=== Task input ===
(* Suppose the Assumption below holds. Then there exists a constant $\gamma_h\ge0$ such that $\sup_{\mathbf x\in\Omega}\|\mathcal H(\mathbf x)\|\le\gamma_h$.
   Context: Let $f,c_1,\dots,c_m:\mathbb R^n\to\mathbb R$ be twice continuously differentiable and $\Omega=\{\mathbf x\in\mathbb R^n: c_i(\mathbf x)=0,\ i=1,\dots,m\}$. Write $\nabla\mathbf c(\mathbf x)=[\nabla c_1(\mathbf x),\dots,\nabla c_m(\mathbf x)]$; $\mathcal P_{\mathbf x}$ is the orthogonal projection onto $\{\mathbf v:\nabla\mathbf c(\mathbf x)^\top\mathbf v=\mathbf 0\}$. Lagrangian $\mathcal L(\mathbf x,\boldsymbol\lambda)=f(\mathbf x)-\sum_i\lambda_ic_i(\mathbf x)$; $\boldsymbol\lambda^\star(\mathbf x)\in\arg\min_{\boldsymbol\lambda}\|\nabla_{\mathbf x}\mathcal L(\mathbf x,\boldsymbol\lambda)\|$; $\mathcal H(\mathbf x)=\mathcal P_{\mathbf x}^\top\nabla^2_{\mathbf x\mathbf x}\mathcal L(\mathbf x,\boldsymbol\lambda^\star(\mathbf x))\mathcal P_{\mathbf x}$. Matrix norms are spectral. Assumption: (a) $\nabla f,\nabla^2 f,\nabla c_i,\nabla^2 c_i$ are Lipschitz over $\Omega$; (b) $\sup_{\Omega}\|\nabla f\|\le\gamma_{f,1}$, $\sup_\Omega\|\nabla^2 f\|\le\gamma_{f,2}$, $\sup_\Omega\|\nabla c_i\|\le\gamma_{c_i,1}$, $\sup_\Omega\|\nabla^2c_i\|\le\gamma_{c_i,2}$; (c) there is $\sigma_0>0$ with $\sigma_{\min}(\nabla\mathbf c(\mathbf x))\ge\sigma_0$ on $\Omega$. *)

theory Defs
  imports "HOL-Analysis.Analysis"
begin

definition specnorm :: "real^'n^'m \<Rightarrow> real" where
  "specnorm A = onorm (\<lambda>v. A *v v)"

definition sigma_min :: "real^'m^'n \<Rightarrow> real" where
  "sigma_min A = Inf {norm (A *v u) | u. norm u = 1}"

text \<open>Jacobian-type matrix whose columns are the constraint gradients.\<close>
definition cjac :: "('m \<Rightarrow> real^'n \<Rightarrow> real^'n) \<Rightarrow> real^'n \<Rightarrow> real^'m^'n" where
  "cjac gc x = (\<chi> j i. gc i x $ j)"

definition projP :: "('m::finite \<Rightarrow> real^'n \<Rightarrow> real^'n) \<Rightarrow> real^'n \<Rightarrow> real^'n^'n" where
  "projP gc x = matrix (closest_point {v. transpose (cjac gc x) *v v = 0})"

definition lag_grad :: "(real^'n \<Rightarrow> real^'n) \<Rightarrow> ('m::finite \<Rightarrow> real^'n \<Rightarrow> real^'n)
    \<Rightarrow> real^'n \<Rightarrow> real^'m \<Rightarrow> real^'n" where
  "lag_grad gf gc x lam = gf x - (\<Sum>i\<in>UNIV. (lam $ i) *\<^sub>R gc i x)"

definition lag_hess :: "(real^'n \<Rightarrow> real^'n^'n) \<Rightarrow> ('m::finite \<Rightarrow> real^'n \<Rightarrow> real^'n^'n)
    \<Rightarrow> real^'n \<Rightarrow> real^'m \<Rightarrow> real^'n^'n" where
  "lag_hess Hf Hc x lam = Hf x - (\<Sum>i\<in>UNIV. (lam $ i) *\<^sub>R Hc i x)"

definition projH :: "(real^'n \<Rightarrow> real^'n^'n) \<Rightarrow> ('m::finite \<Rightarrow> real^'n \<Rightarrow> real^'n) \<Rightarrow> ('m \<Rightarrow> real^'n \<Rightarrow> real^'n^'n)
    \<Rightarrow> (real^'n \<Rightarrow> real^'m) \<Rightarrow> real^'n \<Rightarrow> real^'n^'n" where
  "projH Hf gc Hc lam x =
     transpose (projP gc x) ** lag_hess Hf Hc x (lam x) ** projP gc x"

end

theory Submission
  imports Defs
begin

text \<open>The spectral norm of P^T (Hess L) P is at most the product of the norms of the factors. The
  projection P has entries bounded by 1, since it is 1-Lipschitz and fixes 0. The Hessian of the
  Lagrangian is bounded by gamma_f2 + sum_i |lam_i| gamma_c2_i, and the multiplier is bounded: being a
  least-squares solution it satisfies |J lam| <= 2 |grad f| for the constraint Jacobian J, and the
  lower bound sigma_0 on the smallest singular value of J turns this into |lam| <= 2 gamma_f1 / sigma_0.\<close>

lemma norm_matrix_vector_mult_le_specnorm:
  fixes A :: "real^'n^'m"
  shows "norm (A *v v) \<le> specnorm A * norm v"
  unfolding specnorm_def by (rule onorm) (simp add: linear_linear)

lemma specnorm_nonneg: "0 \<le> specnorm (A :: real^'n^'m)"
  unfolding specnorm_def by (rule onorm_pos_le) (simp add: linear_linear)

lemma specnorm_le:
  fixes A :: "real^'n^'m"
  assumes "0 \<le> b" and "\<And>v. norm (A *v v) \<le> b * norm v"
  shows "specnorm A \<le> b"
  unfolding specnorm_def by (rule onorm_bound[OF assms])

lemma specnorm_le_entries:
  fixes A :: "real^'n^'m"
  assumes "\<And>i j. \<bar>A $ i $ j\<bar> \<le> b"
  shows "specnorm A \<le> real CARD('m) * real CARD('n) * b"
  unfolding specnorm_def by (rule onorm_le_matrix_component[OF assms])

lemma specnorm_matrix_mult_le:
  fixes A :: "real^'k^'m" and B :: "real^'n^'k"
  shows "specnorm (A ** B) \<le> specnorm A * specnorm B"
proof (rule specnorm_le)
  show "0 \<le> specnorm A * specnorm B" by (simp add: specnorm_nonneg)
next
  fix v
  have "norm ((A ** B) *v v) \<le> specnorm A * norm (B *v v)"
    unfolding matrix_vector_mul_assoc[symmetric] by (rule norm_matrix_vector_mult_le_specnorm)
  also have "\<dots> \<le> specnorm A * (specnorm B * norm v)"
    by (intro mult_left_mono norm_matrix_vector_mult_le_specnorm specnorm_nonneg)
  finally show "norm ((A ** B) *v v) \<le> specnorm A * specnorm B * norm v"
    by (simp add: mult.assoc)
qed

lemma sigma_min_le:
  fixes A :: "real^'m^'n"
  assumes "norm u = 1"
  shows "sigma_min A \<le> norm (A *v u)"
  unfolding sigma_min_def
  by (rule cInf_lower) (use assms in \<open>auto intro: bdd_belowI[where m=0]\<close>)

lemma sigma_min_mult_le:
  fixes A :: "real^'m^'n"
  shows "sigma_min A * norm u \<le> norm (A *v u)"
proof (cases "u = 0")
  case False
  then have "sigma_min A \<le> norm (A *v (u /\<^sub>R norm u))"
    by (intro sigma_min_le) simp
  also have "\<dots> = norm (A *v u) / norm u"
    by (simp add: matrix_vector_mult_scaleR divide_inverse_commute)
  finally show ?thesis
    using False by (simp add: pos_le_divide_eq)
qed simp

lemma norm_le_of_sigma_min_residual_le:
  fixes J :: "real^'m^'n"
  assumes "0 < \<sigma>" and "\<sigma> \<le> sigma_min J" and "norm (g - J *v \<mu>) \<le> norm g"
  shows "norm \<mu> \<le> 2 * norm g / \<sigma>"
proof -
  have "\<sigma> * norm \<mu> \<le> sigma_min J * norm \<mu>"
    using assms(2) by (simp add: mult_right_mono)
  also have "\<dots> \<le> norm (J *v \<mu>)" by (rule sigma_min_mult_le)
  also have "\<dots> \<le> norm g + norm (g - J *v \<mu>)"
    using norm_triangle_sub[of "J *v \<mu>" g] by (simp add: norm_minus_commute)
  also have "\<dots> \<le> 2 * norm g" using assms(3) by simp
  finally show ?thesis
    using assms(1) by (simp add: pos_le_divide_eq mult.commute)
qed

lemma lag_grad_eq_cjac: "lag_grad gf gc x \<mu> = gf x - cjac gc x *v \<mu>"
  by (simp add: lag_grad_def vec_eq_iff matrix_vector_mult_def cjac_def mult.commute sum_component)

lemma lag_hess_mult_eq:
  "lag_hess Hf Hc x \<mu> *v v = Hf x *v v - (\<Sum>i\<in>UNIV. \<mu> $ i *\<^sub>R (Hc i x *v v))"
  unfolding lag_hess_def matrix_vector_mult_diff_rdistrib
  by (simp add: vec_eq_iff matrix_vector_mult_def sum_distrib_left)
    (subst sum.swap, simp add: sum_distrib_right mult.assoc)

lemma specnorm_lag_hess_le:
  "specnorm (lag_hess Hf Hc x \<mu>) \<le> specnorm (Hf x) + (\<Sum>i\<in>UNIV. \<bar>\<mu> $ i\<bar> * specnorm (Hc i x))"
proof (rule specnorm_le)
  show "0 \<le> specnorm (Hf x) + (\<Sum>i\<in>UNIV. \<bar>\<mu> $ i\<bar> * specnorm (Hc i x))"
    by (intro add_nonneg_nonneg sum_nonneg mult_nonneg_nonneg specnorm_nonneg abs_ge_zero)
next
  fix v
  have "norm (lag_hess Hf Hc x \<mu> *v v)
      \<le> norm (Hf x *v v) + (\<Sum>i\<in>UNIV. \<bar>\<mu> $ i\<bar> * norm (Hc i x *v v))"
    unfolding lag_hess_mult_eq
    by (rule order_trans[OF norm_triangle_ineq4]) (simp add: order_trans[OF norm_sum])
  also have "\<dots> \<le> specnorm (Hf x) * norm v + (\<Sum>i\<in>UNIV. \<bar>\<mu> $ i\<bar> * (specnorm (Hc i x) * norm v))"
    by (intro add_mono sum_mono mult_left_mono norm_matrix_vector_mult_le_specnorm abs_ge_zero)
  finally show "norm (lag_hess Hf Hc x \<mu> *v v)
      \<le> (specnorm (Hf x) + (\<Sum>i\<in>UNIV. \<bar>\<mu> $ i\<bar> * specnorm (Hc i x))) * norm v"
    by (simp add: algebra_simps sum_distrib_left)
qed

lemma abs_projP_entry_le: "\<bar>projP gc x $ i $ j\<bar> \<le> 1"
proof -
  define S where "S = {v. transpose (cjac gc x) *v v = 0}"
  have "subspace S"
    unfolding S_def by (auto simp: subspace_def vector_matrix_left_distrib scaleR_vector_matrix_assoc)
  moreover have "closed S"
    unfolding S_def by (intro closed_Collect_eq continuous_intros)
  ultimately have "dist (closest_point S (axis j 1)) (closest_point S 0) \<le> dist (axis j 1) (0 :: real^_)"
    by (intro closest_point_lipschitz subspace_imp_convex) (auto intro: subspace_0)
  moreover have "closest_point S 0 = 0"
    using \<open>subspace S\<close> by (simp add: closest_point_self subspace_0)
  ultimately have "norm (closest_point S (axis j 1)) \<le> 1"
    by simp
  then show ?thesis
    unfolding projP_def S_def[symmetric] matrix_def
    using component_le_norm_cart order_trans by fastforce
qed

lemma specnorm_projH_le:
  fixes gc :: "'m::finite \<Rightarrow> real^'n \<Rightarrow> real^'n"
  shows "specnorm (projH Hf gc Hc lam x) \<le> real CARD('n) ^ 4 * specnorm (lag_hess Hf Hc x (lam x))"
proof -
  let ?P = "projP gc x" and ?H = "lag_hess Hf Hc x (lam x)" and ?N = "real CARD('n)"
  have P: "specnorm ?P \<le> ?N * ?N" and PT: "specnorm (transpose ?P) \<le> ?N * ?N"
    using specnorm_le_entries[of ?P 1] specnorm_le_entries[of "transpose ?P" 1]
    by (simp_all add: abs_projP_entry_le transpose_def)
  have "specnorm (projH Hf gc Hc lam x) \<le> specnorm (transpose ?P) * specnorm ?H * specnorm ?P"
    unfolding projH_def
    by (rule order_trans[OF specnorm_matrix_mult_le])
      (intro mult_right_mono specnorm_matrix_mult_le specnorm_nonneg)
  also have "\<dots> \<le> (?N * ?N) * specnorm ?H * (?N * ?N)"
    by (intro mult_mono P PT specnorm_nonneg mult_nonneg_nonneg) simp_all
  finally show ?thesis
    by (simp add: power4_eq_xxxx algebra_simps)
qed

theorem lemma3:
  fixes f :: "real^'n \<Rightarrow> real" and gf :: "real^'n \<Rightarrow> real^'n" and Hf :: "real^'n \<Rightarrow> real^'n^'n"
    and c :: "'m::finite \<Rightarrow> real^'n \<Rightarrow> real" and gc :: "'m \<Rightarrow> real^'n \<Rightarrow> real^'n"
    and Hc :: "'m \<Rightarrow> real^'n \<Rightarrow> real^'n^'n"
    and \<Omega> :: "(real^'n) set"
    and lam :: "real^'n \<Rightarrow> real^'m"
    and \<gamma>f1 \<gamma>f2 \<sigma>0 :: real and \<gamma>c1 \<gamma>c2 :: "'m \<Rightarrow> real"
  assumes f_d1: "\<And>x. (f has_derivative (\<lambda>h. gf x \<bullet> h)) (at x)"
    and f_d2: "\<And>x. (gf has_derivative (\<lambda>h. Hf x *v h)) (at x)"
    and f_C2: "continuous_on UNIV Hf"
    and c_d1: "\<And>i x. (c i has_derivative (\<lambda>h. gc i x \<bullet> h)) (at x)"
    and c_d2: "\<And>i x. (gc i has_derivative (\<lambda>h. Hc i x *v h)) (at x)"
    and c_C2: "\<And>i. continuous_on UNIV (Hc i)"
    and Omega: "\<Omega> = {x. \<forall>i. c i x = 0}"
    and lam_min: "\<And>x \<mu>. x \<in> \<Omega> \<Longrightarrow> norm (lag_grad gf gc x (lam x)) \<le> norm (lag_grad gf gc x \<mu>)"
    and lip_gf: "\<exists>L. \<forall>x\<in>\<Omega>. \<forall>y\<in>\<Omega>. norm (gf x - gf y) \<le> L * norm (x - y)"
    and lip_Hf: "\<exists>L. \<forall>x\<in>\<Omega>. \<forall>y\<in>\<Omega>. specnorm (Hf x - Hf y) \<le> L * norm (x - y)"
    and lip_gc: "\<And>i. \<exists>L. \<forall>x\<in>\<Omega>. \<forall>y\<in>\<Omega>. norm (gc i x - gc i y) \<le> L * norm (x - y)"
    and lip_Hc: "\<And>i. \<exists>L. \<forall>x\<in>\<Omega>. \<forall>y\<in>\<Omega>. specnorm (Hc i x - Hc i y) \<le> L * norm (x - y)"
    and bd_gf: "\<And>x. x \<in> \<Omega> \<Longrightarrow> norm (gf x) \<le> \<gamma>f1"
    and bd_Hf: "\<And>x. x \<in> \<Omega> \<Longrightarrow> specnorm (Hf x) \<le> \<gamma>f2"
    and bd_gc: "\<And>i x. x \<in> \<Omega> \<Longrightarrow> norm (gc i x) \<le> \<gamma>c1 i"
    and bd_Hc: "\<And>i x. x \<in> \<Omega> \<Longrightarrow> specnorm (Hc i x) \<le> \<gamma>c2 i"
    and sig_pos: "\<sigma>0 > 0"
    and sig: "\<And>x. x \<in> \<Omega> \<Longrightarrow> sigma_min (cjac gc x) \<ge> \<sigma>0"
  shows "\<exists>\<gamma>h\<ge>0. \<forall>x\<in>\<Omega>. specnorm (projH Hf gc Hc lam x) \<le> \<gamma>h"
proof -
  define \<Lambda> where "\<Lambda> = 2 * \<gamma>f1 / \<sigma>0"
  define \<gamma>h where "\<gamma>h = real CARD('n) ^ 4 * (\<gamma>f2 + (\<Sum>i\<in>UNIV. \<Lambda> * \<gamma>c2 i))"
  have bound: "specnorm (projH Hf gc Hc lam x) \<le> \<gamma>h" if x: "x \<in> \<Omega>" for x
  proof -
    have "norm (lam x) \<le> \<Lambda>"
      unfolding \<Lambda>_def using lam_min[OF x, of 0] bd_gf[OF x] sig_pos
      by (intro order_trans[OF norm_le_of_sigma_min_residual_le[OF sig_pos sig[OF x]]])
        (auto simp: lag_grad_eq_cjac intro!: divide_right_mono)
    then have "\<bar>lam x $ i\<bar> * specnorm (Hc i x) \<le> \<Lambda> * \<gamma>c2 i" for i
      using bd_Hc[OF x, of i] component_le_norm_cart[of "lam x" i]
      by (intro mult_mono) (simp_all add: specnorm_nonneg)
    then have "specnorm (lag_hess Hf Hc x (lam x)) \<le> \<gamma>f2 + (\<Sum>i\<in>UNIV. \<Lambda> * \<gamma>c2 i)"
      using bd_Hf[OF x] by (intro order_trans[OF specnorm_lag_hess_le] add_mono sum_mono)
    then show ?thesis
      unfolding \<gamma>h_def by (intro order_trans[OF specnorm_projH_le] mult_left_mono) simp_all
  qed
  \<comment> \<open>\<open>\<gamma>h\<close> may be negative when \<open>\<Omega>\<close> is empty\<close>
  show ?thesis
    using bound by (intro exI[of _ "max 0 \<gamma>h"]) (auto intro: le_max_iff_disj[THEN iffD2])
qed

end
===
Give back the records word for word. Start at the first line, end at the line containing "Context: Let $f,c_1,\dots,c_m:\mathbb", and include both.

> _Response_
(* Suppose the Assumption below holds. Then there exists a constant $\gamma_h\ge0$ such that $\sup_{\mathbf x\in\Omega}\|\mathcal H(\mathbf x)\|\le\gamma_h$.
   Context: Let $f,c_1,\dots,c_m:\mathbb R^n\to\mathbb R$ be twice continuously differentiable and $\Omega=\{\mathbf x\in\mathbb R^n: c_i(\mathbf x)=0,\ i=1,\dots,m\}$. Write $\nabla\mathbf c(\mathbf x)=[\nabla c_1(\mathbf x),\dots,\nabla c_m(\mathbf x)]$; $\mathcal P_{\mathbf x}$ is the orthogonal projection onto $\{\mathbf v:\nabla\mathbf c(\mathbf x)^\top\mathbf v=\mathbf 0\}$. Lagrangian $\mathcal L(\mathbf x,\boldsymbol\lambda)=f(\mathbf x)-\sum_i\lambda_ic_i(\mathbf x)$; $\boldsymbol\lambda^\star(\mathbf x)\in\arg\min_{\boldsymbol\lambda}\|\nabla_{\mathbf x}\mathcal L(\mathbf x,\boldsymbol\lambda)\|$; $\mathcal H(\mathbf x)=\mathcal P_{\mathbf x}^\top\nabla^2_{\mathbf x\mathbf x}\mathcal L(\mathbf x,\boldsymbol\lambda^\star(\mathbf x))\mathcal P_{\mathbf x}$. Matrix norms are spectral. Assumption: (a) $\nabla f,\nabla^2 f,\nabla c_i,\nabla^2 c_i$ are Lipschitz over $\Omega$; (b) $\sup_{\Omega}\|\nabla f\|\le\gamma_{f,1}$, $\sup_\Omega\|\nabla^2 f\|\le\gamma_{f,2}$, $\sup_\Omega\|\nabla c_i\|\le\gamma_{c_i,1}$, $\sup_\Omega\|\nabla^2c_i\|\le\gamma_{c_i,2}$; (c) there is $\sigma_0>0$ with $\sigma_{\min}(\nabla\mathbf c(\mathbf x))\ge\sigma_0$ on $\Omega$. *)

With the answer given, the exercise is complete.